Hello out there, I have a reel basic question and somebody can help explain the how to: firstly I want to add more available drag area to a leverdrag reel and it seems physically possible. so how do I calculate the round disk and find the area of a band within a circle. as I also want to see what percentage was gained after computing the original stock drag area in sq. inches..... any easy to explainations would be helpful......thanks gst.
the formula is Pi × radius squared. so you just need the radius of each circle and squared it then times 3.14. take the fifference and you have the difference for the 2 surface areas.
X2
So Surface Area of drag disc = [ pi • ( R(outer radius)^2)] - [ pi •(R(Inner radius)^2)]
I perfectly understand! :P
hmm... i sorta get the feeling that this is leaning towards the more-surface-equals-more-drag-line-of-thinking, is that right?
I don't mean to intrude or dim your light bulb or anything, but if that is the case, then you'll be disappointed. It just simply isn't true.
Or maybe you have something else going on; idunno.
.
Quote from: Robert Janssen on March 05, 2014, 05:19:37 AM
hmm... i sorta get the feeling that this is leaning towards the more-surface-equals-more-drag-line-of-thinking, is that right?
I don't mean to intrude or dim your light bulb or anything, but if that is the case, then you'll be disappointed. It just simply isn't true.
Or maybe you have something else going on; idunno.
.
Robert - I understand that more surface area does not increase the drag but does an increase in the radius increase the amount of drag?
Drag surface area is a component that affects the amount of drag. Other components are pressure, supporting surfaces, pressure plate,...
Quote
Robert - I understand that more surface area does not increase the drag but does an increase in the radius increase the amount of drag?
Yes.
(among other things)
.
It's pretty complicated as Robert Jensen has pointed out and simply increasing the surface area is not enough if the (fixed max) force of the pressure plate is distributed equally over the increased surface area there is no net gain in drag (for a simple but incomplete answer).
Avet uses a dual drag system that has 2 carbon drag discs on the same side in the Raptor series, but as they both experience the force from the pressure plate directly (ie it is not distributed between them) then there is an increase in drag for a given preset, as I understand the system. This is similar to how we increase drag by increasing the number of discs in our star drags.
Accurate puts drag discs on both sides of the spool to accomplish the same.
The simplest way to increase drag in a single drag LD reel is to increase the force that the pressure plate can exert. This either means increase preset or change the drag curve via the cam. Needless to say this stresses other parts of the reel that may not be engineered to withstand the increased loads and it can lead to early failure (ie pinion bearings) or an unfishable reel (high handle turning pressure). Then you have a whole new set of engineering problems to solve :D.

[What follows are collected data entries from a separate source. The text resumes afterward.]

(* Let $n\ge 2$, let $A_1,\dots,A_n$ be $n$ pairwise distinct points in the plane, and let $\Gamma$ be a circle with centre $O$. Suppose that for every $k\in\{1,2,\dots,n-1\}$ the quantity $\sum_{i=1}^n |PA_i|^{2k}$ does not depend on the position of the point $P\in\Gamma$. Then $A_1,\dots,A_n$ are the vertices of a regular $n$-gon inscribed in a circle centred at $O$.
   Context: $|PA|$ denotes Euclidean distance. For $n=2$ a "regular $2$-gon inscribed in a circle centred at $O$" means two distinct points symmetric with respect to $O$. *)

theory Defs
  imports Complex_Main
begin

text \<open>For n = 2 this is a pair of distinct points symmetric about Oc.\<close>

definition regular_ngon_centred :: "complex \<Rightarrow> nat \<Rightarrow> complex set \<Rightarrow> bool" where
  "regular_ngon_centred Oc n S \<longleftrightarrow>
     (\<exists>R::real. R > 0 \<and> (\<exists>\<theta>::real.
        S = {Oc + complex_of_real R * cis (\<theta> + 2 * pi * real j / real n) | j. j < n}))"

end

theory Submission
  imports Defs "HOL-Computational_Algebra.Polynomial"
begin

(* Translate so that the centre is the origin and write b_i = A_i - O.
   (1) On the circle |w| = r one has w |w - b|^2 = (w - b)(r^2 - conj(b) w).  Hence if
       sum_i |w - b_i|^(2k) equals a constant c on the circle, the polynomial
       Q(w) = sum_i ((w - b_i)(r^2 - conj(b_i) w))^k - c w^k vanishes on infinitely many
       points, so Q = 0; its constant coefficient (-r^2)^k sum_i b_i^k gives
       sum_i b_i^k = 0.  Thus the power sums p_1, ..., p_(n-1) of b_1, ..., b_n vanish.
   (2) A Newton-type argument: for p = prod_i (X - b_i) and
       S_s = sum_j b_j^s prod_(i ~= j) (X - b_i) one has p' = S_0 and
       X S_s = p_s p + S_(s+1).  Vanishing power sums give X^(n-1) (X p' - n p) = S_n,
       of degree < n, so X p' - n p is constant, forcing p = X^n + p(0).
       Hence all b_i^n equal one constant c, which is nonzero as the b_i are distinct.
   (3) The n distinct b_i then exhaust the n roots of z^n = c, which form a regular n-gon
       centred at the origin. *)

lemma circle_infinite:
  assumes "(r::real) > 0"
  shows "infinite {w::complex. cmod w = r}"
proof
  assume fin: "finite {w::complex. cmod w = r}"
  define f where "f = (\<lambda>x::real. Complex x (sqrt (r^2 - x^2)))"
  have "f ` {0..r} \<subseteq> {w. cmod w = r}"
  proof
    fix w assume "w \<in> f ` {0..r}"
    then obtain x where x: "x \<in> {0..r}" "w = f x" by auto
    have "x^2 \<le> r^2" using x by (auto intro: power_mono)
    then show "w \<in> {w. cmod w = r}" using x assms by (simp add: f_def cmod_def)
  qed
  moreover have "inj_on f {0..r}" unfolding inj_on_def f_def by simp
  ultimately have "finite {0..r}" using fin finite_subset finite_imageD by metis
  then show False using assms infinite_Icc by blast
qed

lemma poly_vanishing_on_circle:
  fixes Q :: "complex poly"
  assumes "r > 0" and "\<And>w. cmod w = r \<Longrightarrow> poly Q w = 0"
  shows "Q = 0"
proof (rule ccontr)
  assume "Q \<noteq> 0"
  then have "finite {w. poly Q w = 0}" by (rule poly_roots_finite)
  moreover have "{w. cmod w = r} \<subseteq> {w. poly Q w = 0}" using assms(2) by auto
  ultimately show False using circle_infinite[OF assms(1)] finite_subset by blast
qed

text \<open>On the circle of radius r the squared distance to b is, up to the factor w,
  a polynomial in w: this makes the moments of distances polynomial on the circle.\<close>

lemma circle_distance_identity:
  fixes w b :: complex
  assumes "cmod w = r"
  shows "(w - b) * (of_real (r^2) - cnj b * w) = w * of_real (cmod (w - b)^2)"
proof -
  have "w * cnj w = of_real (r^2)" using complex_norm_square[of w] assms by simp
  then show ?thesis
    unfolding complex_norm_square by (simp flip: \<open>w * cnj w = _\<close>) (simp add: algebra_simps)
qed

lemma constant_moment_imp_power_sum_zero:
  fixes B :: "nat \<Rightarrow> complex" and I :: "nat set" and r c :: real and k :: nat
  assumes "finite I" "r > 0" "k \<ge> 1"
    and const: "\<And>w. cmod w = r \<Longrightarrow> (\<Sum>i\<in>I. cmod (w - B i) ^ (2*k)) = c"
  shows "(\<Sum>i\<in>I. B i ^ k) = 0"
proof -
  define Q where
    "Q = (\<Sum>i\<in>I. ([:-B i, 1:] * [:of_real (r^2), -cnj (B i):]) ^ k) - monom (of_real c) k"
  have "poly Q w = 0" if w: "cmod w = r" for w
  proof -
    have "poly Q w = (\<Sum>i\<in>I. ((w - B i) * (of_real (r^2) - cnj (B i) * w)) ^ k) - of_real c * w^k"
      unfolding Q_def poly_diff poly_sum poly_power poly_mult poly_monom
      by (intro arg_cong2[where f="(-)"] sum.cong refl arg_cong[where f="\<lambda>x. x^k"])
         (simp add: algebra_simps)
    also have "\<dots> = (\<Sum>i\<in>I. (w * of_real (cmod (w - B i)^2)) ^ k) - of_real c * w^k"
      by (simp only: circle_distance_identity[OF w])
    also have "\<dots> = w^k * (of_real (\<Sum>i\<in>I. cmod (w - B i) ^ (2*k)) - of_real c)"
      by (simp add: power_mult_distrib sum_distrib_left algebra_simps flip: power_mult)
    also have "\<dots> = 0" using const[OF w] by simp
    finally show ?thesis .
  qed
  then have "Q = 0" using poly_vanishing_on_circle[OF assms(2)] by blast
  moreover have "coeff Q 0 = (- of_real (r^2))^k * (\<Sum>i\<in>I. B i ^ k)"
    using assms(3) unfolding Q_def
    by (simp add: coeff_sum coeff_mult_0 coeff_0_power sum_distrib_left sum_distrib_right
                  power_mult_distrib[symmetric] mult.commute)
  ultimately show ?thesis using assms(2) by simp
qed

definition root_poly :: "('b \<Rightarrow> 'a::comm_ring_1) \<Rightarrow> 'b set \<Rightarrow> 'a poly" where
  "root_poly B I = (\<Prod>i\<in>I. [:-B i, 1:])"

definition cofactor_sum :: "('b \<Rightarrow> 'a::comm_ring_1) \<Rightarrow> 'b set \<Rightarrow> nat \<Rightarrow> 'a poly" where
  "cofactor_sum B I s = (\<Sum>j\<in>I. smult (B j ^ s) (\<Prod>i\<in>I-{j}. [:-B i, 1:]))"

lemma pderiv_root_poly: "pderiv (root_poly B I) = cofactor_sum B I 0"
  unfolding root_poly_def cofactor_sum_def pderiv_prod by (simp add: pderiv_pCons)

lemma X_mult_cofactor_sum:
  assumes "finite I"
  shows "[:0, 1:] * cofactor_sum B I s
           = smult (\<Sum>j\<in>I. B j ^ s) (root_poly B I) + cofactor_sum B I (Suc s)"
proof -
  have X_cofactor: "[:0, 1:] * (\<Prod>i\<in>I-{j}. [:-B i, 1:])
      = root_poly B I + smult (B j) (\<Prod>i\<in>I-{j}. [:-B i, 1:])" if "j \<in> I" for j
  proof -
    have "root_poly B I = [:-B j, 1:] * (\<Prod>i\<in>I-{j}. [:-B i, 1:])"
      unfolding root_poly_def by (rule prod.remove[OF assms that])
    moreover have "[:0, 1:] = [:-B j, 1:] + [:B j:]" by simp
    ultimately show ?thesis by (simp add: distrib_right)
  qed
  have "[:0, 1:] * cofactor_sum B I s
      = (\<Sum>j\<in>I. smult (B j ^ s) ([:0, 1:] * (\<Prod>i\<in>I-{j}. [:-B i, 1:])))"
    unfolding cofactor_sum_def by (simp add: sum_distrib_left)
  also have "\<dots> = (\<Sum>j\<in>I. smult (B j ^ s) (root_poly B I)
                       + smult (B j ^ Suc s) (\<Prod>i\<in>I-{j}. [:-B i, 1:]))"
    by (intro sum.cong refl) (simp add: X_cofactor smult_add_right mult.commute del: mult_pCons_left)
  also have "\<dots> = smult (\<Sum>j\<in>I. B j ^ s) (root_poly B I) + cofactor_sum B I (Suc s)"
    unfolding cofactor_sum_def by (simp add: sum.distrib smult_sum)
  finally show ?thesis .
qed

lemma degree_cofactor_sum:
  fixes B :: "'b \<Rightarrow> 'a::idom"
  assumes "finite I"
  shows "degree (cofactor_sum B I s) \<le> card I - 1"
proof -
  have "degree (\<Prod>i\<in>I-{j}. [:-B i, 1:]) \<le> card I - 1" if "j \<in> I" for j
    using degree_prod_sum_le[of "I-{j}" "\<lambda>i. [:-B i, 1:]"] assms that by (simp add: o_def)
  then show ?thesis
    unfolding cofactor_sum_def
    by (intro degree_sum_le assms) (auto intro: order.trans[OF degree_smult_le])
qed

text \<open>If the power sums of orders 1, ..., n-1 vanish (n = card I), the polynomial
  X p' - n p, whose top coefficients cancel, is a constant: X^(n-1) times it equals the
  cofactor sum S_n, which has degree below n.\<close>

lemma euler_defect_constant:
  fixes B :: "'b \<Rightarrow> 'a::idom"
  assumes "finite I" "card I = n" "n \<ge> 1"
    and power_sums: "\<And>s. 1 \<le> s \<Longrightarrow> s \<le> n - 1 \<Longrightarrow> (\<Sum>i\<in>I. B i ^ s) = 0"
  defines "q \<equiv> [:0, 1:] * pderiv (root_poly B I) - smult (of_nat n) (root_poly B I)"
  shows "degree q = 0"
proof -
  have q_S1: "q = cofactor_sum B I 1"
    using X_mult_cofactor_sum[OF assms(1), of B 0] assms(2)
    unfolding q_def pderiv_root_poly by simp
  have shift: "[:0, 1:] ^ m * cofactor_sum B I 1 = cofactor_sum B I (m + 1)"
    if "m + 1 \<le> n" for m
    using that
  proof (induction m)
    case (Suc m)
    have "[:0, 1:] ^ Suc m * cofactor_sum B I 1 = [:0, 1:] * cofactor_sum B I (m + 1)"
      using Suc by (simp add: mult.assoc)
    also have "\<dots> = cofactor_sum B I (Suc m + 1)"
      using X_mult_cofactor_sum[OF assms(1), of B "m + 1"] power_sums[of "m + 1"] Suc.prems
      by simp
    finally show ?case .
  qed simp
  show ?thesis
  proof (cases "q = 0")
    case False
    have "degree ([:0, 1:] ^ (n - 1) * q) = (n - 1) + degree q"
      using False by (simp add: degree_mult_eq degree_power_eq)
    moreover have "[:0, 1:] ^ (n - 1) * q = cofactor_sum B I n"
      using shift[of "n - 1"] assms(3) q_S1 by simp
    ultimately show ?thesis using degree_cofactor_sum[OF assms(1), of B n] assms(2) by simp
  qed simp
qed

text \<open>A monic polynomial p of degree n with X p' - n p constant is a binomial X^n + p(0):
  the coefficient of X^k in X p' - n p is (k - n) times that of p.\<close>

lemma binomial_if_euler_defect_constant:
  fixes p :: "'a::field_char_0 poly"
  assumes "degree p = n" "coeff p n = 1" "n \<ge> 1"
    and "degree ([:0, 1:] * pderiv p - smult (of_nat n) p) = 0"
  shows "p = monom 1 n + [:coeff p 0:]"
proof (rule poly_eqI)
  fix k
  have middle: "coeff p (Suc m) = 0" if "Suc m < n" for m
  proof -
    have "(of_nat (Suc m) - of_nat n) * coeff p (Suc m)
            = coeff ([:0, 1:] * pderiv p - smult (of_nat n) p) (Suc m)"
      by (simp add: coeff_pderiv algebra_simps)
    also have "\<dots> = 0" by (rule coeff_eq_0) (use assms(4) in simp)
    finally show ?thesis
      using that by (metis eq_iff_diff_eq_0 less_irrefl mult_eq_0_iff of_nat_eq_iff)
  qed
  show "coeff p k = coeff (monom 1 n + [:coeff p 0:]) k"
  proof (cases k)
    case (Suc m)
    then show ?thesis
      using middle[of m] assms(1,2) coeff_eq_0[of p k] by (cases "k < n") (auto simp: not_less)
  qed (use assms(3) in simp)
qed

lemma power_sums_vanish_imp_equal_powers:
  fixes B :: "'b \<Rightarrow> 'a::field_char_0"
  assumes "finite I" "card I = n" "n \<ge> 1"
    and "\<And>s. 1 \<le> s \<Longrightarrow> s \<le> n - 1 \<Longrightarrow> (\<Sum>i\<in>I. B i ^ s) = 0"
  shows "\<exists>c. \<forall>i\<in>I. B i ^ n = c"
proof -
  let ?p = "root_poly B I"
  have "degree ?p = n"
    unfolding root_poly_def using degree_prod_sum_eq[of I "\<lambda>i. [:-B i, 1:]"] assms(2) by simp
  moreover have "coeff ?p n = 1"
    using lead_coeff_prod[of "\<lambda>i. [:-B i, 1:]" I] \<open>degree ?p = n\<close>
    unfolding root_poly_def by simp
  ultimately have binomial: "?p = monom 1 n + [:coeff ?p 0:]"
    using binomial_if_euler_defect_constant euler_defect_constant assms by blast
  have "B i ^ n = - coeff ?p 0" if "i \<in> I" for i
  proof -
    have "poly ?p (B i) = 0"
      unfolding root_poly_def poly_prod using assms(1) that by (auto intro: prod_zero)
    moreover have "poly ?p (B i) = B i ^ n + coeff ?p 0"
      by (subst binomial) (simp add: poly_monom)
    ultimately show ?thesis by (simp add: add_eq_0_iff)
  qed
  then show ?thesis by blast
qed

lemma regular_ngon_nth_roots:
  fixes c :: complex
  assumes "c \<noteq> 0" "n > 0"
  shows "regular_ngon_centred Oc n ((\<lambda>z. Oc + z) ` {z. z ^ n = c})"
proof -
  define R where "R = root n (cmod c)"
  define \<theta> where "\<theta> = Arg c / n"
  have "R > 0" unfolding R_def using assms by simp
  have "{z. z ^ n = c} = (\<lambda>z. (R * cis \<theta>) * z) ` {z. z ^ n = 1}"
    using bij_betw_nth_root_unity[OF assms] unfolding R_def \<theta>_def bij_betw_def by simp
  also have "{z::complex. z ^ n = 1} = (\<lambda>j. cis (2 * pi * real j / real n)) ` {..<n}"
    using bij_betw_roots_unity[OF assms(2)] unfolding bij_betw_def by simp
  finally have "(\<lambda>z. Oc + z) ` {z. z ^ n = c}
      = {Oc + complex_of_real R * cis (\<theta> + 2 * pi * real j / real n) | j. j < n}"
    by (auto simp: image_image cis_mult mult.assoc)
  then show ?thesis unfolding regular_ngon_centred_def using \<open>R > 0\<close> by blast
qed

lemma distinct_equal_powers_are_roots:
  fixes B :: "'b \<Rightarrow> complex"
  assumes "inj_on B I" "card I = n" "n \<ge> 2" "\<forall>i\<in>I. B i ^ n = c"
  shows "c \<noteq> 0" and "B ` I = {z. z ^ n = c}"
proof -
  have card_B: "card (B ` I) = n" using card_image[OF assms(1)] assms(2) by simp
  show "c \<noteq> 0"
  proof
    assume "c = 0"
    have "B i = 0" if "i \<in> I" for i
    proof -
      have "B i ^ n = 0" using assms(4) that \<open>c = 0\<close> by blast
      then show ?thesis by simp
    qed
    then have "B ` I \<subseteq> {0}" by blast
    then have "card (B ` I) \<le> card {0::complex}" by (rule card_mono[rotated]) simp
    then show False using card_B assms(3) by simp
  qed
  have "finite {z::complex. z ^ n = c}" using assms(3) by (intro finite_nth_roots) simp
  moreover have "B ` I \<subseteq> {z. z ^ n = c}" using assms(4) by blast
  moreover have "card (B ` I) = card {z. z ^ n = c}"
    using card_B card_nth_roots[OF \<open>c \<noteq> 0\<close>] assms(3) by simp
  ultimately show "B ` I = {z. z ^ n = c}" using card_subset_eq by blast
qed

theorem mainTheorem1:
  fixes n :: nat and A :: "nat \<Rightarrow> complex" and Oc :: complex and r :: real
  assumes "n \<ge> 2"
    and "inj_on A {1..n}"
    and "r > 0"
    and "\<forall>k\<in>{1..n-1}. \<exists>c::real. \<forall>P. dist P Oc = r \<longrightarrow>
           (\<Sum>i=1..n. dist P (A i) ^ (2*k)) = c"
  shows "regular_ngon_centred Oc n (A ` {1..n})"
proof -
  define B where "B i = A i - Oc" for i
  have dist_shift: "dist (Oc + w) (A i) = cmod (w - B i)" for w i
    unfolding B_def dist_norm by (simp add: algebra_simps)
  have "(\<Sum>i=1..n. B i ^ s) = 0" if "1 \<le> s" "s \<le> n - 1" for s
  proof -
    have "s \<in> {1..n-1}" using that by simp
    with assms(4) obtain c
      where c: "\<forall>P. dist P Oc = r \<longrightarrow> (\<Sum>i=1..n. dist P (A i) ^ (2*s)) = c"
      by blast
    have "(\<Sum>i=1..n. cmod (w - B i) ^ (2*s)) = c" if "cmod w = r" for w
    proof -
      have "dist (Oc + w) Oc = r" using that by (simp add: dist_norm)
      with c have "(\<Sum>i=1..n. dist (Oc + w) (A i) ^ (2*s)) = c" by blast
      then show ?thesis by (simp only: dist_shift)
    qed
    then show ?thesis
      using constant_moment_imp_power_sum_zero[of "{1..n}" r s B c] assms(3) that by simp
  qed
  then obtain c where c: "\<forall>i\<in>{1..n}. B i ^ n = c"
    using power_sums_vanish_imp_equal_powers[of "{1..n}" n B] assms(1) by auto
  have inj_B: "inj_on B {1..n}"
  proof (rule inj_onI)
    fix x y assume "x \<in> {1..n}" "y \<in> {1..n}" "B x = B y"
    then have "A x = A y" unfolding B_def by simp
    then show "x = y" using inj_onD[OF assms(2)] \<open>x \<in> {1..n}\<close> \<open>y \<in> {1..n}\<close> by blast
  qed
  have "c \<noteq> 0" and roots: "B ` {1..n} = {z. z ^ n = c}"
    using distinct_equal_powers_are_roots[OF inj_B _ assms(1) c] by simp_all
  have "A ` {1..n} = (\<lambda>z. Oc + z) ` B ` {1..n}"
    unfolding B_def by (simp add: image_image)
  then show ?thesis using regular_ngon_nth_roots[OF \<open>c \<noteq> 0\<close>] roots assms(1) by simp
qed

end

When we "hot rod" a simple design we take it from humble beginnings and slowly add the features that are all currently incorporated in the leading edge designs. A good study of those designs (there is no substitute for taking one apart yourself) is a good way to grasp the ideas.
regards
OK,
I am in the camp of increasing surface area does not increase drag. However, I am hoping that either Robert or John can help explain something to me. In my research on the subject I have come across the term mean diameter. In many equations determining friction of sliding disks mean diameter is included. If you increase the outer diameter of the drag disk without a coresponding increase in inner diameter then you have increased the mean diameter and the surface area and it apears that you have modified the total friction for a specific amount of normal force. Wondering if either of you can explain.
Thanks
Ron
I think I found it. The equation for sliding friction of a lubricated disk is: µsl = φbl µbl + (1 – φbl) µEHL (unlubricated disks is almost the same.) In this equation mean diameter is only utilized in the weighting factor for the sliding friction coefficient equation. With speeds as slow as we are talking about in a conventional reel, the weighting factor can safely be assumed as 1 and therefore has no practical effect. So, I am still in the no effect camp.
That does not mean I don't like big drags. Big drags take longer to heat up which in effect causes them to maintain room temperature drag for a longer period in a situation where a fish takes a lot of drag. Large drags also carry much more lubricant than the smaller drag which is what I theorize produces their dramatic increase in smoothness. But to get higher drag numbers, you need more force or more surfaces being acted on by that force. I believe in a lever drag reel that means changing the ramp of the cam. In a star drag reel that means using pliers on the star or increasing the size of the star.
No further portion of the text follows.